text \<open>The span of all \<open>m\<cdot>x + x\<cdot>m\<close> is a sub-bimodule on which the right action vanishes.\<close>
lemma irreducible_bimodule_symmetric_or_antisymmetric:
  assumes bim: "leibniz_bimodule scale br smult la ra" and irr: "irreducible_bimodule smult la ra"
  shows "symmetric_bimodule la ra \<or> (\<forall>x m. ra m x = 0)"
proof -
  have module: "module smult"
    using bim unfolding leibniz_bimodule_def module_iff_vector_space by blast
  have la_hom: "\<And>x. module_hom smult smult (la x)" and ra_hom: "\<And>x. module_hom smult smult (\<lambda>m. ra m x)"
    and la_bracket: "\<And>x y m. la (br x y) m = la x (la y m) - la y (la x m)"
    and ra_la: "\<And>x y m. ra (la x m) y = la x (ra m y) - ra m (br x y)"
    and ra_ra: "\<And>x y m. ra (ra m x) y = ra m (br x y) - la x (ra m y)"
    using bim unfolding leibniz_bimodule_def by auto
  define S where "S = {ra m x + la x m | m x. True}"
  define M0 where "M0 = module.span smult S"
  have sub: "module.subspace smult M0"
    unfolding M0_def by (rule module.subspace_span[OF module])
  have S_M0: "S \<subseteq> M0"
    unfolding M0_def using module.span_base[OF module] by blast
  have la_closed: "la y w \<in> M0" if "w \<in> M0" for y w
  proof -
    have "la y ` S \<subseteq> M0"
    proof
      fix v assume "v \<in> la y ` S"
      then obtain m x where v: "v = la y (ra m x + la x m)"
        unfolding S_def by blast
      have "v = (ra (la y m) x + la x (la y m)) + (ra m (br y x) + la (br y x) m)"
        unfolding v module_hom.add[OF la_hom] using la_bracket[of y x m] ra_la[of y m x]
        by (simp add: algebra_simps)
      then show "v \<in> M0"
        using S_M0 module.subspace_add[OF module sub] unfolding S_def by blast
    qed
    then have "module.span smult (la y ` S) \<subseteq> M0"
      by (rule module.span_minimal[OF module _ sub])
    then show ?thesis
      using that module_hom.span_image[OF la_hom] unfolding M0_def by blast
  qed
  have ra_vanishes: "ra w y = 0" if "w \<in> M0" for y w
  proof -
    have "S \<subseteq> {w. ra w y = 0}"
      unfolding S_def using module_hom.add[OF ra_hom] ra_la ra_ra by auto
    then have "M0 \<subseteq> {w. ra w y = 0}"
      unfolding M0_def by (rule module.span_minimal[OF module _ module_hom.subspace_kernel[OF ra_hom]])
    then show ?thesis
      using that by blast
  qed
  have "sub_bimodule smult la ra M0"
    unfolding sub_bimodule_def
    using sub la_closed ra_vanishes module.subspace_0[OF module sub] by simp
  then have "M0 = {0} \<or> M0 = UNIV"
    using irr unfolding irreducible_bimodule_def by blast
  then show ?thesis
  proof
    assume "M0 = {0}"
    then have "ra m x + la x m = 0" for m x
      using S_M0 unfolding S_def by blast
    then show ?thesis
      unfolding symmetric_bimodule_def by (simp add: eq_neg_iff_add_eq_0)
  qed (use ra_vanishes in blast)
qed

text \<open>Take \<open>z\<close> in the last term of the lower central series that does not act trivially.\<close>
lemma nilpotent_lie_obtain_element_acting_centrally:
  assumes lie: "lie_algebra scale br" and nil: "nilpotent_lie scale br"
    and la_0: "\<And>m. la 0 m = 0" and acts: "\<exists>x m. la x m \<noteq> 0"
  obtains z K where "\<exists>m. la z m \<noteq> 0" "\<And>x m. la (br x z) m = 0" "\<And>y. (br z ^^ K) y = 0"
proof -
  have module: "module scale"
    using lie unfolding lie_algebra_def module_iff_vector_space by blast
  define I where "I = {x. \<forall>m. la x m = 0}"
  obtain K where K: "lcs scale br K = {0}"
    using nil unfolding nilpotent_lie_def by blast
  have "lcs scale br K \<subseteq> I"
    unfolding K I_def using la_0 by simp
  then have least: "lcs scale br (LEAST j. lcs scale br j \<subseteq> I) \<subseteq> I"
    by (rule LeastI)
  have "\<not> lcs scale br 0 \<subseteq> I"
    using acts unfolding I_def by auto
  then obtain j where j: "(LEAST j. lcs scale br j \<subseteq> I) = Suc j"
    using least by (metis not0_implies_Suc)
  then have "\<not> lcs scale br j \<subseteq> I"
    using not_less_Least[of j "\<lambda>j. lcs scale br j \<subseteq> I"] by simp
  then obtain z where z: "z \<in> lcs scale br j" and "z \<notin> I"
    by blast
  moreover have "la (br x z) m = 0" for x m
  proof -
    have "br x z \<in> lcs scale br (Suc j)"
      using z by (auto intro: module.span_base[OF module])
    then show ?thesis
      using least j unfolding I_def by auto
  qed
  moreover have "(br z ^^ k) y \<in> lcs scale br k" for k y
    by (induction k) (auto intro: module.span_base[OF module])
  then have "(br z ^^ K) y = 0" for y
    using K by blast
  ultimately show thesis
    using that unfolding I_def by blast
qed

## Exercise goal:
Every one of the entries must be printed exactly.

## Response:
text \<open>The span of all \<open>m\<cdot>x + x\<cdot>m\<close> is a sub-bimodule on which the right action vanishes.\<close>
lemma irreducible_bimodule_symmetric_or_antisymmetric:
  assumes bim: "leibniz_bimodule scale br smult la ra" and irr: "irreducible_bimodule smult la ra"
  shows "symmetric_bimodule la ra \<or> (\<forall>x m. ra m x = 0)"
proof -
  have module: "module smult"
    using bim unfolding leibniz_bimodule_def module_iff_vector_space by blast
  have la_hom: "\<And>x. module_hom smult smult (la x)" and ra_hom: "\<And>x. module_hom smult smult (\<lambda>m. ra m x)"
    and la_bracket: "\<And>x y m. la (br x y) m = la x (la y m) - la y (la x m)"
    and ra_la: "\<And>x y m. ra (la x m) y = la x (ra m y) - ra m (br x y)"
    and ra_ra: "\<And>x y m. ra (ra m x) y = ra m (br x y) - la x (ra m y)"
    using bim unfolding leibniz_bimodule_def by auto
  define S where "S = {ra m x + la x m | m x. True}"
  define M0 where "M0 = module.span smult S"
  have sub: "module.subspace smult M0"
    unfolding M0_def by (rule module.subspace_span[OF module])
  have S_M0: "S \<subseteq> M0"
    unfolding M0_def using module.span_base[OF module] by blast
  have la_closed: "la y w \<in> M0" if "w \<in> M0" for y w
  proof -
    have "la y ` S \<subseteq> M0"
    proof
      fix v assume "v \<in> la y ` S"
      then obtain m x where v: "v = la y (ra m x + la x m)"
        unfolding S_def by blast
      have "v = (ra (la y m) x + la x (la y m)) + (ra m (br y x) + la (br y x) m)"
        unfolding v module_hom.add[OF la_hom] using la_bracket[of y x m] ra_la[of y m x]
        by (simp add: algebra_simps)
      then show "v \<in> M0"
        using S_M0 module.subspace_add[OF module sub] unfolding S_def by blast
    qed
    then have "module.span smult (la y ` S) \<subseteq> M0"
      by (rule module.span_minimal[OF module _ sub])
    then show ?thesis
      using that module_hom.span_image[OF la_hom] unfolding M0_def by blast
  qed
  have ra_vanishes: "ra w y = 0" if "w \<in> M0" for y w
  proof -
    have "S \<subseteq> {w. ra w y = 0}"
      unfolding S_def using module_hom.add[OF ra_hom] ra_la ra_ra by auto
    then have "M0 \<subseteq> {w. ra w y = 0}"
      unfolding M0_def by (rule module.span_minimal[OF module _ module_hom.subspace_kernel[OF ra_hom]])
    then show ?thesis
      using that by blast
  qed
  have "sub_bimodule smult la ra M0"
    unfolding sub_bimodule_def
    using sub la_closed ra_vanishes module.subspace_0[OF module sub] by simp
  then have "M0 = {0} \<or> M0 = UNIV"
    using irr unfolding irreducible_bimodule_def by blast
  then show ?thesis
  proof
    assume "M0 = {0}"
    then have "ra m x + la x m = 0" for m x
      using S_M0 unfolding S_def by blast
    then show ?thesis
      unfolding symmetric_bimodule_def by (simp add: eq_neg_iff_add_eq_0)
  qed (use ra_vanishes in blast)
qed

text \<open>Take \<open>z\<close> in the last term of the lower central series that does not act trivially.\<close>
lemma nilpotent_lie_obtain_element_acting_centrally:
  assumes lie: "lie_algebra scale br" and nil: "nilpotent_lie scale br"
    and la_0: "\<And>m. la 0 m = 0" and acts: "\<exists>x m. la x m \<noteq> 0"
  obtains z K where "\<exists>m. la z m \<noteq> 0" "\<And>x m. la (br x z) m = 0" "\<And>y. (br z ^^ K) y = 0"
proof -
  have module: "module scale"
    using lie unfolding lie_algebra_def module_iff_vector_space by blast
  define I where "I = {x. \<forall>m. la x m = 0}"
  obtain K where K: "lcs scale br K = {0}"
    using nil unfolding nilpotent_lie_def by blast
  have "lcs scale br K \<subseteq> I"
    unfolding K I_def using la_0 by simp
  then have least: "lcs scale br (LEAST j. lcs scale br j \<subseteq> I) \<subseteq> I"
    by (rule LeastI)
  have "\<not> lcs scale br 0 \<subseteq> I"
    using acts unfolding I_def by auto
  then obtain j where j: "(LEAST j. lcs scale br j \<subseteq> I) = Suc j"
    using least by (metis not0_implies_Suc)
  then have "\<not> lcs scale br j \<subseteq> I"
    using not_less_Least[of j "\<lambda>j. lcs scale br j \<subseteq> I"] by simp
  then obtain z where z: "z \<in> lcs scale br j" and "z \<notin> I"
    by blast
  moreover have "la (br x z) m = 0" for x m
  proof -
    have "br x z \<in> lcs scale br (Suc j)"
      using z by (auto intro: module.span_base[OF module])
    then show ?thesis
      using least j unfolding I_def by auto
  qed
  moreover have "(br z ^^ k) y \<in> lcs scale br k" for k y
    by (induction k) (auto intro: module.span_base[OF module])
  then have "(br z ^^ K) y = 0" for y
    using K by blast
  ultimately show thesis
    using that unfolding I_def by blast
qed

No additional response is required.